• **About this exercise**
Quote the lines from the line holding "deriv (\<lambda>y. f" to the very end of the listing, exactly, and no others.

• **Study material**
(* Let $H$ satisfy (C3), (CNH), (CVX). Fix $T>0$ and a Lipschitz $W:\mathbb{R}\to\mathbb{R}$ with $I^{HJ}_T(W)\ne\emptyset$. Then for every $U_o\in I^{HJ}_T(W)$ and every $x\in\mathbb{R}$, $U_o(x)\ge U_o^*(x)$, where $U_o^*(x)=\sup\{W(q(T))-\int_0^TL(q(s),\dot q(s))\,ds:\ q\in\mathcal{R}_T,\ q(0)=x\}$.
   Context: (C3) $H\in C^3(\mathbb{R}^2;\mathbb{R})$; (CNH) there exists $X>0$ with $\partial_xH(x,p)=0$ whenever $|x|\ge X$; (CVX) for each $x$, $p\mapsto\partial_pH(x,p)$ is an increasing $C^1$-diffeomorphism of $\mathbb{R}$ onto itself. $L(x,v)=\sup_p(pv-H(x,p))$. $\mathcal{R}_T$: the $q\in C^1([0,T])$ such that some $p\in C^1([0,T])$ makes $(q,p)$ solve $\dot q=\partial_pH(q,p)$, $\dot p=-\partial_xH(q,p)$. $I^{HJ}_T(W)$: the set of Lipschitz $U_o$ such that the viscosity (Crandall–Lions) solution of $\partial_tU+H(x,\partial_xU)=0$, $U(0)=U_o$, equals $W$ at time $T$. *)

theory Defs
  imports "HOL-Analysis.Analysis"
begin

definition pd1 :: "(real \<Rightarrow> real \<Rightarrow> real) \<Rightarrow> real \<Rightarrow> real \<Rightarrow> real" where
  "pd1 f x p = deriv (\<lambda>y. f y p) x"

definition pd2 :: "(real \<Rightarrow> real \<Rightarrow> real) \<Rightarrow> real \<Rightarrow> real \<Rightarrow> real" where
  "pd2 f x p = deriv (\<lambda>q. f x q) p"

• **Expected output**
  "pd1 f x p = deriv (\<lambda>y. f y p) x"

definition pd2 :: "(real \<Rightarrow> real \<Rightarrow> real) \<Rightarrow> real \<Rightarrow> real \<Rightarrow> real" where
  "pd2 f x p = deriv (\<lambda>q. f x q) p"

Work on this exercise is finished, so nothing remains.